··· Exercise input ···
lemma MDS_if_components_MDS:
  assumes "x \<in> C" "y \<in> C" "x \<noteq> y"
    and MDS: "\<forall>i\<in>{1..8}. is_MDS n (component_code C i)"
    and same: "\<forall>i\<in>{1..8}. \<forall>k\<in>{1..8}. card (component_code C i) = card (component_code C k)
                 \<and> dmin n (component_code C i) = dmin n (component_code C k)"
  shows "is_MDS n C"
proof -
  let ?D = "component_code C 1"
  define q where "q = card ?D"
  have one: "1 \<in> {1..8::nat}" by simp
  have card_eq: "card (component_code C i) = q" if "i \<in> {1..8}" for i
    using same that one unfolding q_def by blast
  have "card C = q ^ 8"
    unfolding card_code using card_eq by simp
  moreover have "1 < card C"
    using one_less_card_iff[OF finite_code] assms(1-3) by blast
  ultimately have "1 < card ?D"
    unfolding q_def using power_le_one[of "card ?D" 8] by (cases "card ?D \<le> 1") auto
  then obtain a b where ab: "a \<in> ?D" "b \<in> ?D" "a \<noteq> b"
    using one_less_card_iff[OF finite_component_code] by blast
  have "dmin n C \<le> dmin n ?D"
    using dmin_code_le_dmin_component[OF one ab] .
  moreover have "dmin n ?D \<le> dmin n C"
    using same one by (intro dmin_code_ge[OF _ assms(1-3)]) (metis order_refl)
  ultimately have "dmin n C = dmin n ?D"
    by (rule antisym)
  moreover have "log (real CARD(R)) (real (card C)) = log 4 (real q)"
    unfolding log_card_code using card_eq by simp
  ultimately show ?thesis
    using MDS one unfolding q_def by (simp add: is_MDS_def)
qed

end

theorem mainTheorem3:
  fixes n :: nat and C :: "(nat \<Rightarrow> R) set"
  assumes "linear_code_R n C"
    and "C \<noteq> {(\<lambda>j. rzero)}"
  shows "is_MDS n C \<longleftrightarrow>
           ((\<forall>i\<in>{1..8}. is_MDS n (component_code C i))
            \<and> (\<forall>i\<in>{1..8}. \<forall>k\<in>{1..8}.
                  card (component_code C i) = card (component_code C k)
                \<and> dmin n (component_code C i) = dmin n (component_code C k)))"
proof -
  interpret R_linear_code n C
    by unfold_locales (rule assms(1))
  obtain x where x: "x \<in> C" "x \<noteq> (\<lambda>j. rzero)"
    using assms(2) zero_in_code by blast
  note distinct = zero_in_code x(1) x(2)[symmetric]
  show ?thesis
  proof
    assume "is_MDS n C"
    note card = card_component_if_MDS[OF distinct this] and dmin = dmin_component_if_MDS[OF distinct this]
    have "dmin n C \<le> n"
      using dmin_le_length[OF distinct] .
    then have "is_MDS n (component_code C i)" if "i \<in> {1..8}" for i
      using card[OF that] dmin[OF that] by (intro is_MDS_if_card_eq) simp_all
    then show "(\<forall>i\<in>{1..8}. is_MDS n (component_code C i))
      \<and> (\<forall>i\<in>{1..8}. \<forall>k\<in>{1..8}. card (component_code C i) = card (component_code C k)
           \<and> dmin n (component_code C i) = dmin n (component_code C k))"
      using card dmin by simp
  qed (use MDS_if_components_MDS[OF distinct] in blast)
qed

end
···
> _What the task asks_
Whenever a line in the data holds "where", copy that line.

> _Task solution_
  define q where "q = card ?D"
  then obtain a b where ab: "a \<in> ?D" "b \<in> ?D" "a \<noteq> b"
  obtain x where x: "x \<in> C" "x \<noteq> (\<lambda>j. rzero)"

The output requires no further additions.